Substrate-attached ICAM1, in the presence or absence of CCL21, transforms T-cell clusters into substrate-attached monolayers
Because large clusters may limit the access of cells in the cluster’s core to environmental signals or nutrients, we thought to suppress cluster formation by further functionalizing the CCL21-coated culture substrate with the adhesion molecule ICAM1. Light and electron microscopy revealed a major morphological transformation of CD4+ T cells plated on the double-functionalized surface (Figure 2). In contrast to the clusters formed on the uncoated surface (Figure 2A1-A2) or the enlarged clusters on the CCL21-coated surface (Figure 2B1-B2), T cells associated with the CCL21-ICAM1-coated surface formed 2D monolayers of flat cells (Figure 2C1-C2).

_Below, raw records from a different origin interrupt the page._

lemma card_nbrs_Diff_two_le:
  assumes G: "simple_graph V E" "subcubic V E" and "E x y" "E x z" "y \<noteq> z"
  shows "card (nbrs V E {x} - {y, z}) \<le> 1"
proof -
  have "{y, z} \<subseteq> nbrs V E {x}"
    using G(1) assms(3,4) unfolding simple_graph_def nbrs_def by auto
  moreover have "card (nbrs V E {x}) \<le> 3"
    using card_nbrs_le[OF G, of "{x}"] G(1) assms(3) unfolding simple_graph_def by auto
  ultimately show ?thesis
    using assms(5) by (simp add: card_Diff_subset finite_subset)
qed

lemma card_image_nbrs_le:
  assumes G: "simple_graph V E" "subcubic V E" and "a \<in> V"
  shows "card (\<phi> ` (nbrs V E {a} - {a})) \<le> 3"
proof -
  have "finite (nbrs V E {a})"
    using G(1) unfolding simple_graph_def nbrs_def by simp
  then have "card (\<phi> ` (nbrs V E {a} - {a})) \<le> card (nbrs V E {a})"
    by (meson card_image_le card_mono finite_Diff Diff_subset le_trans)
  also have "\<dots> \<le> 3"
    using card_nbrs_le[OF G, of "{a}"] assms(3) by simp
  finally show ?thesis .
qed

lemma card_image_nbrs_pair_le:
  assumes G: "simple_graph V E" "subcubic V E"
    and p: "E p r" "E p t" "r \<noteq> t" and q: "E q r'" "E q t'" "r' \<noteq> t'"
    and shared: "card (\<phi> ` ({r, t, r', t'} - {p, q})) \<le> 1"
  shows "card (\<phi> ` (nbrs V E {p, q} - {p, q})) \<le> 3"
proof -
  let ?A = "nbrs V E {p} - {r, t}" and ?B = "nbrs V E {q} - {r', t'}"
    and ?C = "{r, t, r', t'} - {p, q}"
  have fin: "finite ?A" "finite ?B"
    using G(1) unfolding simple_graph_def nbrs_def by simp_all
  have "nbrs V E {p, q} - {p, q} \<subseteq> ?C \<union> ?A \<union> ?B"
    unfolding nbrs_def by auto
  then have "card (\<phi> ` (nbrs V E {p, q} - {p, q})) \<le> card (\<phi> ` ?C \<union> \<phi> ` ?A \<union> \<phi> ` ?B)"
    using fin by (intro card_mono) auto
  also have "\<dots> \<le> card (\<phi> ` ?C) + card (\<phi> ` ?A) + card (\<phi> ` ?B)"
    by (meson card_Un_le add_le_mono le_refl order_trans)
  also have "\<dots> \<le> 1 + card ?A + card ?B"
    using shared card_image_le[OF fin(1), of \<phi>] card_image_le[OF fin(2), of \<phi>] by linarith
  also have "\<dots> \<le> 3"
    using card_nbrs_Diff_two_le[OF G p] card_nbrs_Diff_two_le[OF G q] by linarith
  finally show ?thesis .
qed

Further experiments demonstrated that cell–cell interactions induced by immobilized CCL21 are LFA1-dependent, as the formation of large clusters on CCL21 (Figure 2D) was dramatically reduced by adding either ICAM1 coating (Figure 2E) or LFA1 blocking antibody to the culture (Figure 2F). More specifically, when closely examining images of clusters formed on CCL21 coating alone (Figure 2D), we distinguished between 2 distinct types of cell clusters; namely, large spherical 3D clusters (average projected area, 4.3 × 104 ± 1.6 × 104 μm2) and small, relatively flat clusters (average projected area, 3.6 × 103 ± 2.2 × 103 μm2). The number of large clusters per 1 mm2 on CCL21 alone was ∼3.7, and the number of small and flat clusters was about 20.2. Notably, the large 3D clusters were present only in cultures stimulated with CCL21 alone (Figure 2D) and were absent from cultures functionalized with CCL21 combined with either ICAM1 (Figure 2E) or anti-LFA1 antibodies (Figure 2F).
As indicated, when cultured over CCL21+ICAM1 (Figure 2E), the large clusters disappeared and the density of small clusters increased to ∼45/mm2 (more than double the number of clusters on CCL21). The average projected area of the small and flat clusters also increased to 8 × 103 ± 5.7 × 103 μm2. The addition of anti-LFA1 to CCL21 (Figure 2F) abolished the formation of large, 3D clusters, yet the number of small and flat clusters per 1 mm2 was ∼12, and their average projected area was 2.2 × 103 ± 0.9 × 103 μm2.
ICAM1 and CCL21 also exerted a strong effect on the morphology of single T cells (Figure 2G-J; supplemental Video 2). Cells interacting with uncoated surfaces were mostly round, with hardly any stable cell contacts (Figure 2G), whereas on the CCL21-coated surface, they developed an elongated morphology (Figure 2H). ICAM1 coating, with or without CCL21, induced massive cell spreading on the surface and multiple cell–cell contacts, some by means of long, thin tethers (Figure 2I-J). Notably, cultures on ICAM1 alone, without CCL21 (Figure 2I), contained lower cell densities then that of CCL21+ICAM1 (Figure 2J), especially as incubation time increased (supplemental Video 2).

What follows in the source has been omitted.